Nel primo capitolo l'A. descrive il proprio arresto a Budapest -avvenuto l'11 febbraio 2023- come una messa in scena comprensiva della fabbricazione sfacciata di prove a suo carico. Il contesto sarebbe stato quello di un "Giorno dell'Onore" che lo sdoganamento nel mainstream delle istanze della destra più estrema avrebbe trasformato nel giro di qualche anno da festicciola per pochi nostalgici a evento internazionale di commemorazione del nazionalsocialismo. A Budapest la militante Salis si sarebbe recata per manifestare contro i neonazisti; descrivendo a un lettore presumibilmente lontano dallo "strano mondo" della politica militante -di cui non nasconde affatto i limiti e i difetti e di cui riassume le vicende degli ultimi decenni- l'A. conferma che iniziative analoghe sono "una cosa assolutamente normale e giusta". La Salis racconta della procedura di arresto, del suo arrivo nella centrale di Teve Utca e del trasferimento in carcere a Cégled ritraendo la Rendőrség come una corte dei miracoli dalle procedure torturanti, antiquate e dalla dubbia razionalità, venate a tratti di perfidia gratuita; un quadro che accomuna questo libretto a moltissimi scritti autobiografici sulla prigionia di tutte le epoche. Nelle prime ore di detenzione la Salis, internazionalista convinta per atteggiamento e per comportamento, avrà modo di apprezzare certi aspetti del sentire comune ungherese: come se i confini fortificati avessero fatto una certa presa sulla popolazione, marcando il limite tra ciò che è noto e socialmente accettato e il temuto hic sunt leones di cui i pochissimi migranti presenti nel Paese sarebbero un campione. L'A. rileva le somiglianze evidenti col sentire comune agli ambienti provinciali della penisola italiana in cui la pluridecennale presenza degli immigrati avrebbe almeno costretto gli indigeni ad abituarsi alla nuova realtà.

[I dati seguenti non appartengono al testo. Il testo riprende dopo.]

lemma effective_seq_code_matrix:
  assumes "decidable_logic L"
  shows "effective_seq ar (code_matrix ar L)"
proof -
  let ?M = "code_matrix ar L"
  have "computable (\<lambda>i. nvals (?M i))"
    by (simp add: computable_iff_recursive code_matrix_def recursive_Suc recursive_proj)
  moreover have "decidable_pred 1 (\<lambda>xs. snd (prod_decode (xs ! 0)) < Suc (fst (prod_decode (xs ! 0))) \<and>
      (snd (prod_decode (xs ! 0)) < fst (prod_decode (xs ! 0)) \<and> snd (prod_decode (xs ! 0)) \<in> wf_codes ar
       \<longrightarrow> snd (prod_decode (xs ! 0)) \<in> frm_code ` L))"
    using assms unfolding decidable_logic_def
    by (intro decidable_pred_conj decidable_pred_imp decidable_pred_less decidable_pred_mem
        decidable_set_wf_codes recursive_fst_prod_decode recursive_snd_prod_decode recursive_Suc
        recursive_proj) simp_all
  then have "computable (\<lambda>p. if snd (prod_decode p) \<in> desig (?M (fst (prod_decode p))) then 1 else 0)"
    by (simp add: computable_iff_recursive decidable_pred_def code_matrix_def proper_value_def)
  moreover
  define app where "app p = prod_encode (Suc (fst (prod_decode p)), snd (prod_decode p))" for p
  define g where "g p = (if proper_value ar (fst (prod_decode p)) (app (snd (prod_decode p)))
      then app (snd (prod_decode p)) else fst (prod_decode p))" for p
  have "recursive 1 (\<lambda>xs. g (xs ! 0))"
    unfolding g_def app_def proper_value_def
    by (intro recursive_if decidable_pred_conj decidable_pred_less decidable_pred_mem
        decidable_set_wf_codes recursive_prod_encode recursive_Suc recursive_fst_prod_decode
        recursive_snd_prod_decode recursive_proj) simp_all
  then have "computable g"
    by (simp add: computable_iff_recursive)
  moreover have "g (prod_encode (i, prod_encode (c, list_encode vs))) = tfun (?M i) c vs" for i c vs
    by (simp add: g_def app_def code_matrix_def)
  ultimately show ?thesis
    unfolding effective_seq_def by blast
qed

theorem corollary2:
  fixes ar :: "nat list" and L :: "frm set"
  assumes "is_logic ar L"
    and "decidable_logic L"
  shows "\<exists>Ms. seq_approx ar L Ms \<and> effective_seq ar Ms"
  using seq_approx_code_matrix[OF assms(1)] effective_seq_code_matrix[OF assms(2)] by blast

end
lemma marginal_welfare_root_less:
  fixes c :: "'a \<Rightarrow> real" and A :: "'a set" and \<gamma> :: real
  defines "S \<equiv> \<Sum>i\<in>A. 1 / c i"
  assumes "finite A" "A \<noteq> {}" "\<And>i. i \<in> A \<Longrightarrow> 1 \<le> c i"
    and "0 < \<gamma>" "0 < z0" "z0 < sqrt (S / \<gamma>)"
  shows "(THE z. 0 < z \<and> marginal_welfare c A z0 z = \<gamma>) < sqrt (S / \<gamma>)"
proof -
  let ?f = "marginal_welfare c A z0"
  define B where "B = sqrt (S / \<gamma>)"
  have c_pos: "\<And>i. i \<in> A \<Longrightarrow> 0 < c i"
    using assms(4) by (meson less_le_trans zero_less_one)
  have "0 < S"
    unfolding S_def using assms(2,3) c_pos by (intro sum_pos) auto
  then have "0 < B" and B2: "B\<^sup>2 = S / \<gamma>"
    using \<open>0 < \<gamma>\<close> by (simp_all add: B_def)
  have "\<gamma> < S / z0\<^sup>2"
  proof -
    have "z0\<^sup>2 < B\<^sup>2"
      using assms(6,7) by (simp add: B_def power_strict_mono)
    with B2 have "z0\<^sup>2 < S / \<gamma>"
      by simp
    with \<open>0 < \<gamma>\<close> \<open>0 < z0\<close> show ?thesis
      by (simp add: field_simps)
  qed
  also have "S / z0\<^sup>2 \<le> ?f 0"
    unfolding S_def by (rule marginal_welfare_zero_ge) (rule assms(4))
  finally have "\<gamma> < ?f 0" .
  have "?f B < \<gamma>"
    using marginal_welfare_less[of A c z0 B, OF assms(2,3) c_pos \<open>0 < z0\<close> \<open>0 < B\<close>] B2 \<open>0 < S\<close>
    by (simp add: S_def)
  have "continuous_on {0..B} ?f"
    unfolding marginal_welfare_def
    using c_pos \<open>0 < z0\<close>
    by (intro continuous_intros) (metis add_pos_nonneg atLeastAtMost_iff less_imp_le
        mult_nonneg_nonneg power_not_zero less_irrefl)
  then obtain x where "0 \<le> x" "x \<le> B" "?f x = \<gamma>"
    using IVT2'[of ?f B \<gamma> 0] \<open>?f B < \<gamma>\<close> \<open>\<gamma> < ?f 0\<close> \<open>0 < B\<close> by auto
  have root: "0 < x \<and> ?f x = \<gamma>"
    using \<open>0 \<le> x\<close> \<open>?f x = \<gamma>\<close> \<open>\<gamma> < ?f 0\<close> by (cases "x = 0") auto
  have "y = x" if "0 < y \<and> ?f y = \<gamma>" for y
    using marginal_welfare_strict_antimono[of A c z0 x y, OF assms(2,3) c_pos \<open>0 < z0\<close>]
      marginal_welfare_strict_antimono[of A c z0 y x, OF assms(2,3) c_pos \<open>0 < z0\<close>] root that
    by (cases x y rule: linorder_cases) auto
  then have "(THE z. 0 < z \<and> ?f z = \<gamma>) = x"
    using root by (rule the_equality[rotated])
  moreover have "x \<noteq> B"
    using \<open>?f x = \<gamma>\<close> \<open>?f B < \<gamma>\<close> by auto
  ultimately show ?thesis
    using \<open>x \<le> B\<close> by (simp add: B_def)
qed
lemma card_le_independence_number:
  assumes "I \<subseteq> {1..n}" and "\<forall>i\<in>I. \<forall>j\<in>I. \<not> E i j"
  shows "card I \<le> independence_number n E"
proof -
  have "{card S | S. independent_set n E S} \<subseteq> card ` Pow {1..n}"
    unfolding independent_set_def by auto
  then have "finite {card S | S. independent_set n E S}"
    by (rule finite_subset) simp
  moreover have "card I \<in> {card S | S. independent_set n E S}"
    using assms unfolding independent_set_def by blast
  ultimately show ?thesis
    unfolding independence_number_def by (rule Max_ge)
qed
(* Let $n\ge1$, and let either (constant case) $s\in(0,1)$, $p\in(1,\infty)$ with $p>1/(1-s)$ if $p<2$, and $K:B_2\times\mathbb{R}^n\to[0,\infty)$ measurable with $K(x,y)=K(x,-y)$, $\lambda|y|^{-n-sp}\le K(x,y)\le\Lambda|y|^{-n-sp}$ for $x,y\in B_2$, and $0\le K(x,y)\le M|y|^{-n-\gamma}$ for $x\in B_2$, $y\in\mathbb{R}^n\setminus B_{1/4}$ (with constants $\Lambda\ge\lambda>0$, $M,\gamma>0$); or (variable case) the same with $s,p$ replaced by functions $s(x),p(x)$ on $B_2$ satisfying $0<s_0<s(x)<s_1<1$, $1<p_0<p(x)<p_1<\infty$, and $p(x)(1-s(x))-1>\tau>0$ whenever $p(x)<2$, and with $|y|^{-n-sp}$ replaced by $|y|^{-n-s(x)p(x)}$. Let $L$ be the corresponding operator $$Lu(x)=\operatorname{PV}\int_{\mathbb{R}^n}|u(x)-u(x+y)|^{p(x)-2}(u(x)-u(x+y))K(x,y)\,dy$$ (with $p(x)\equiv p$ in the constant case). Let $C\in\mathbb{R}$ and suppose $u\in L^\infty(\mathbb{R}^n)$ satisfies $Lu\le C$ in $B_1$ in the viscosity sense. Suppose $x_0\in B_1$, $r>0$ with $B_r(x_0)\subset B_1$, and $\phi\in C^2(B_r(x_0))$ satisfies $\phi(x_0)=u(x_0)$ and $\phi\ge u$ in $B_r(x_0)$. Then $Lu$ is defined pointwise at $x_0$, i.e. the function $y\mapsto\delta(u,x_0,y)K(x_0,y)$ is integrable over $\mathbb{R}^n$, and $Lu(x_0)=\int_{\mathbb{R}^n}\delta(u,x_0,y)K(x_0,y)\,dy\le C$.
   Context: $B_r$ denotes the open ball of radius $r$ centred at the origin, $B_r(x_0)$ the ball centred at $x_0$. $\operatorname{PV}\int=\lim_{r\to0}\int_{\mathbb{R}^n\setminus B_r}$; $|t|^{q-2}t:=0$ at $t=0$. For a function $v$, $\delta(v,x,y)=\tfrac12|v(x)-v(x+y)|^{p(x)-2}(v(x)-v(x+y))+\tfrac12|v(x)-v(x-y)|^{p(x)-2}(v(x)-v(x-y))$. Viscosity subsolution: a function $u\in L^\infty(\mathbb{R}^n)$ upper semicontinuous in an open set $D$ is a viscosity subsolution of $Lu\le C$ in $D$ if whenever $x_0\in D$, $r>0$, $\phi\in C^2(B_r(x_0))$ with $B_r(x_0)\subset D$, $\phi(x_0)=u(x_0)$ and $\phi\ge u$ in $B_r(x_0)$, then $L\phi_r(x_0)\le C$, where $\phi_r=\phi$ in $B_r(x_0)$ and $\phi_r=u$ in $\mathbb{R}^n\setminus B_r(x_0)$. *)

theory Defs
  imports "HOL-Analysis.Analysis"
begin

definition spow :: "real \<Rightarrow> real \<Rightarrow> real" where
  "spow q t = (if t = 0 then 0 else \<bar>t\<bar> powr (q - 2) * t)"

definition usc_on :: "'a::topological_space set \<Rightarrow> ('a \<Rightarrow> real) \<Rightarrow> bool" where
  "usc_on D u \<longleftrightarrow> (\<forall>x\<in>D. \<forall>e>0. \<forall>\<^sub>F y in at x. u y < u x + e)"

definition C2_on :: "'a::euclidean_space set \<Rightarrow> ('a \<Rightarrow> real) \<Rightarrow> bool" where
  "C2_on S \<phi> \<longleftrightarrow> (\<exists>D :: 'a \<Rightarrow> ('a \<Rightarrow>\<^sub>L real). \<exists>D2 :: 'a \<Rightarrow> ('a \<Rightarrow>\<^sub>L ('a \<Rightarrow>\<^sub>L real)).
      (\<forall>x\<in>S. (\<phi> has_derivative blinfun_apply (D x)) (at x)) \<and>
      (\<forall>x\<in>S. (D has_derivative blinfun_apply (D2 x)) (at x)) \<and>
      continuous_on S D2)"

definition Lintegrand :: "('a::euclidean_space \<Rightarrow> real) \<Rightarrow> ('a \<Rightarrow> 'a \<Rightarrow> real) \<Rightarrow> ('a \<Rightarrow> real)
    \<Rightarrow> 'a \<Rightarrow> 'a \<Rightarrow> real" where
  "Lintegrand p K v x y = spow (p x) (v x - v (x + y)) * K x y"

definition PV_has_value :: "('a::euclidean_space \<Rightarrow> real) \<Rightarrow> ('a \<Rightarrow> 'a \<Rightarrow> real) \<Rightarrow> ('a \<Rightarrow> real)
    \<Rightarrow> 'a \<Rightarrow> real \<Rightarrow> bool" where
  "PV_has_value p K v x l \<longleftrightarrow>
     (\<forall>\<^sub>F \<rho> in at_right 0. set_integrable lborel (- ball 0 \<rho>) (Lintegrand p K v x)) \<and>
     ((\<lambda>\<rho>. set_lebesgue_integral lborel (- ball 0 \<rho>) (Lintegrand p K v x)) \<longlongrightarrow> l) (at_right 0)"

definition delta :: "('a::euclidean_space \<Rightarrow> real) \<Rightarrow> ('a \<Rightarrow> real) \<Rightarrow> 'a \<Rightarrow> 'a \<Rightarrow> real" where
  "delta p v x y = spow (p x) (v x - v (x + y)) / 2 + spow (p x) (v x - v (x - y)) / 2"

definition visc_sub :: "('a::euclidean_space \<Rightarrow> real) \<Rightarrow> ('a \<Rightarrow> 'a \<Rightarrow> real) \<Rightarrow> ('a \<Rightarrow> real)
    \<Rightarrow> real \<Rightarrow> 'a set \<Rightarrow> bool" where
  "visc_sub p K u C D \<longleftrightarrow>
     u \<in> borel_measurable lborel \<and> bounded (range u) \<and> usc_on D u \<and>
     (\<forall>x0\<in>D. \<forall>r>0. \<forall>\<phi>. ball x0 r \<subseteq> D \<and> C2_on (ball x0 r) \<phi> \<and> \<phi> x0 = u x0 \<and>
        (\<forall>x\<in>ball x0 r. \<phi> x \<ge> u x) \<longrightarrow>
        (\<exists>l. l \<le> C \<and> PV_has_value p K (\<lambda>z. if z \<in> ball x0 r then \<phi> z else u z) x0 l))"

definition admissible_sp :: "('a::euclidean_space \<Rightarrow> real) \<Rightarrow> ('a \<Rightarrow> real) \<Rightarrow> bool" where
  "admissible_sp s p \<longleftrightarrow>
    (\<exists>s' p'. s = (\<lambda>_. s') \<and> p = (\<lambda>_. p') \<and> 0 < s' \<and> s' < 1 \<and> 1 < p' \<and>
        (p' < 2 \<longrightarrow> p' > 1 / (1 - s'))) \<or>
    (\<exists>s0 s1 p0 p1 \<tau>. 0 < s0 \<and> s1 < 1 \<and> 1 < p0 \<and> \<tau> > 0 \<and>
        (\<forall>x\<in>ball 0 2. s0 < s x \<and> s x < s1 \<and> p0 < p x \<and> p x < p1 \<and>
           (p x < 2 \<longrightarrow> p x * (1 - s x) - 1 > \<tau>)))"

L'A. scrive dell'infausto risultato dell'udienza di convalida in cui scopre di essere sospettata di due aggressioni sulla base di ottocento pagine di documentazione, a quanto pare prodotta in meno di tre giorni.
L'esecranda igiene delle celle di Gyorskocsi utca è l'occasione per una nuova digressione sullo scopo delle occupazioni; "occupare è proprio questo: strappare spazi al degrado e all’abbandono, impegnarsi a ripulirli, sistemarli e renderli decenti in modo tale che possano ospitare iniziative politiche, sociali e culturali, o diventare abitazioni. Vuol dire portare la vita dove non c'è". Il secondo capitolo del libro è in pratica una trattazione abbastanza esauriente, con pregevoli note entomologiche, delle per nulla entusiasmanti condizioni di vita nelle sezioni di isolamento delle carceri di Budapest in cui la Salis avrebbe cambiato cella dodici volte in sette mesi. Descrive poi un interrogatorio condotto dalla Rendőrség con la già accennata professionalità. Non del tutto aliena dalla prospettiva di un'esperienza del genere, l'A. scrive di come sarebbe riuscita ad evitarne le insidie più evidenti. Nel testo l'interrogatorio è occasione per una serie di considerazioni sullo stato autoritario, le grottesche sproporzioni tra reato e sanzione, l'invito al collaborazionismo e la demonizzazione degli imputati agli occhi dell'opinione pubblica. Nel caso specifico ad Ilaria Salis sarebbero stati contestati vari episodi di "violenza contro un membro di una comunità", reato introdotto in Ungheria... per sanzionare le aggressioni razziste e omofobe. Uno degli appigli cui i giudici sarebbero ricorsi per rinnovare e allungare i termini della custodia preventiva. Nel corso dei mesi e ad ogni rinnovo della custodia cautelare i capi d'accusa sarebbero stti cambiati ed aggravati più volte, fino a comportare il potenziale rischio di una condanna a ventiquattro anni.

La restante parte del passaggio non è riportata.